Task brief: Repeat the lines of the data that follow, please, starting at the first and stopping after the one with "q] q by simp".
[Opening Supplied entries section]
lemma P_family_eval_eq:
  fixes P :: "nat \<Rightarrow> int poly" and q :: real
  assumes m: "2 \<le> m" and fam: "P_family m P" and q: "0 < q" "q < 1"
  shows "evalp (P (m - 1)) q = evalp (P (m - 2)) q"
proof -
  have "(real (2 * m + 1) + 1) / 2 = real (Suc m)"
    by simp
  then have "q powr ((real (2 * m + 1) + 1) / 2) = q * q ^ m"
    by (simp only: powr_realpow[OF q(1)] power_Suc)
  then have scale: "q powr ((real (2 * m + 1) + 1) / 2) * ((1 - q * (x / q)) * (1 - x / q) ^ 1)
      = q ^ m * ((q - x) * (1 - x) ^ 1)" for x
    using q by (simp add: field_simps)
  have "P_coeff m P q 1 * (1 - q * q) = P_coeff m P q 2 * (1 - q)"
    using Ssum_qseries_coeff_relation[OF q m _ scale] P_family_expansion[OF fam q] q by simp
  moreover define K where "K = (1 + q) * (1 - q) / (qfact (m + 1) q * qint 2 q * (1 - q)\<^sup>2)"
  moreover have "qfact 1 q = 1" "qfact 2 q = 1 + q" "1 - q * q = (1 + q) * (1 - q)"
    using q by (simp_all add: qfact_def qint_def numeral_2_eq_2 power2_eq_square field_simps)
  ultimately have "K * evalp (P (m - 1)) q = K * evalp (P (m - 2)) q"
    by (simp add: P_coeff_def divide_inverse inverse_mult_distrib mult_ac)
  moreover have "K \<noteq> 0"
    using q qfact_pos[OF q, of "m + 1"] qint_pos[OF q, of 2] by (simp add: K_def)
  ultimately show ?thesis
    by simp
qed

lemma square_powr_half_odd:
  fixes r :: real
  assumes "0 < r"
  shows "(r\<^sup>2) powr (real k + 1 / 2) = r ^ (2 * k + 1)"
proof -
  have "r\<^sup>2 = r powr 2"
    using assms by simp
  then have "(r\<^sup>2) powr (real k + 1 / 2) = r powr real (2 * k + 1)"
    by (simp add: powr_powr algebra_simps)
  also have "\<dots> = r ^ (2 * k + 1)"
    using assms by (rule powr_realpow)
  finally show ?thesis .
qed

lemma Q_family_expansion:
  fixes r :: real
  assumes "Q_family m Q" "0 < r" "r < 1" "n \<ge> 1"
  shows "Ssum (2 * m) n (r\<^sup>2)
    = qseries (r\<^sup>2) m (\<lambda>k. Q_coeff m Q r k / ((1 - r\<^sup>2)\<^sup>2) ^ k) ((r\<^sup>2) ^ n) * (1 - r * (r\<^sup>2) ^ n)"
proof -
  define q where "q = r\<^sup>2"
  have "0 < q" "q < 1"
    using assms(2,3) by (simp_all add: q_def power_less_one_iff)
  have "q powr (1 / 2) = r" "q powr (real n + 1 / 2) = r * q ^ n"
    using square_powr_half_odd[OF assms(2), of 0] square_powr_half_odd[OF assms(2), of n]
    by (simp_all add: q_def power_mult)
  moreover have "(\<Prod>i=0..m - k. 1 - q powr (real m - real i + 1 / 2)) = (\<Prod>i=0..m - k. 1 - r ^ (2 * (m - i) + 1))" for k
    using square_powr_half_odd[OF assms(2)] by (intro prod.cong) (simp_all add: q_def flip: of_nat_diff)
  moreover have "Ssum (2 * m) n q = (1 - q powr (real n + 1 / 2)) *
     (\<Sum>k=0..m. (- (q ^ n)) ^ (m - k) * (1 - q powr (1 / 2)) ^ (m - k) * evalp (Q (m - k)) (q powr (1 / 2))
        / (\<Prod>i=0..m - k. (1 - q powr (real m - real i + 1 / 2))) * (qint n q * qint (n + 1) q) ^ k / qint 2 q)"
    using assms \<open>0 < q\<close> \<open>q < 1\<close> unfolding Q_family_def by blast
  ultimately show ?thesis
    unfolding q_def[symmetric] qseries_def sum_distrib_right qint_mult_qint_Suc[unfolded Suc_eq_plus1]
    by (simp add: Q_coeff_def q_def power_divide power_mult_distrib mult_ac sum_distrib_left)
qed

lemma Q_family_eval_eq:
  fixes Q :: "nat \<Rightarrow> int poly" and r :: real
  assumes m: "2 \<le> m" and fam: "Q_family m Q" and r: "0 < r" "r < 1"
  shows "evalp (Q (m - 1)) r = evalp (Q (m - 2)) r"
proof -
  define q where "q = r\<^sup>2"
  have q: "0 < q" "q < 1"
    using r by (simp_all add: q_def power_less_one_iff)
  have "q powr ((real (2 * m + 0) + 1) / 2) = r * q ^ m"
    using square_powr_half_odd[OF r(1), of m] by (simp add: q_def power_mult add_divide_distrib)
  then have scale: "q powr ((real (2 * m + 0) + 1) / 2) * ((1 - r * (x / q)) * (1 - x / q) ^ 0)
      = q ^ m * ((r - x) * (1 - x) ^ 0)" for x
    using r by (simp add: q_def field_simps power2_eq_square)
  define C where "C = Q_coeff m Q r"
  have "C 1 * (1 - r * q) = C 2 * (1 - r)"
    using Ssum_qseries_coeff_relation[OF q m _ scale] Q_family_expansion[OF fam r] r
    by (simp add: C_def q_def)
  then have relation: "C 1 * (1 - r ^ 3) = C 2 * (1 - r)"
    by (simp add: q_def power2_eq_square power3_eq_cube mult.assoc)
  define d where "d = (\<Prod>i=0..m - 2. 1 - r ^ (2 * (m - i) + 1))"
  define a where "a = (1 - r) ^ (m - 2)"
  define K where "K = a * (1 - r) / (d * qint 2 q)"
  have "1 - r ^ k \<noteq> 0" if "k > 0" for k
    using r that by (simp add: power_less_one_iff less_imp_neq)
  then have "d \<noteq> 0" "1 - r ^ 3 \<noteq> 0"
    by (auto simp: d_def simp del: power_Suc)
  moreover have "a \<noteq> 0" "1 - r \<noteq> 0" "qint 2 q \<noteq> 0"
    using r qint_pos[OF q, of 2] by (auto simp: a_def)
  ultimately have "K \<noteq> 0"
    by (simp add: K_def)
  have "m - 1 = Suc (m - 2)" "2 * (m - Suc (m - 2)) + 1 = 3"
    using m by simp_all
  then have "C 1 = a * (1 - r) * evalp (Q (m - 1)) r / (d * (1 - r ^ 3)) / qint 2 q"
    by (simp add: C_def Q_coeff_def q_def a_def d_def prod.atLeast0_atMost_Suc power2_eq_square power3_eq_cube mult_ac)
  with \<open>1 - r ^ 3 \<noteq> 0\<close> have "C 1 * (1 - r ^ 3) = K * evalp (Q (m - 1)) r"
    by (simp add: K_def)
  moreover have "C 2 * (1 - r) = K * evalp (Q (m - 2)) r"
    by (simp add: C_def Q_coeff_def q_def K_def a_def d_def divide_inverse inverse_mult_distrib mult_ac)
  ultimately show ?thesis
    using relation \<open>K \<noteq> 0\<close> by simp
qed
[Closing Supplied entries section]
Written response:
lemma P_family_eval_eq:
  fixes P :: "nat \<Rightarrow> int poly" and q :: real
  assumes m: "2 \<le> m" and fam: "P_family m P" and q: "0 < q" "q < 1"
  shows "evalp (P (m - 1)) q = evalp (P (m - 2)) q"
proof -
  have "(real (2 * m + 1) + 1) / 2 = real (Suc m)"
    by simp
  then have "q powr ((real (2 * m + 1) + 1) / 2) = q * q ^ m"
    by (simp only: powr_realpow[OF q(1)] power_Suc)
  then have scale: "q powr ((real (2 * m + 1) + 1) / 2) * ((1 - q * (x / q)) * (1 - x / q) ^ 1)
      = q ^ m * ((q - x) * (1 - x) ^ 1)" for x
    using q by (simp add: field_simps)
  have "P_coeff m P q 1 * (1 - q * q) = P_coeff m P q 2 * (1 - q)"
    using Ssum_qseries_coeff_relation[OF q m _ scale] P_family_expansion[OF fam q] q by simp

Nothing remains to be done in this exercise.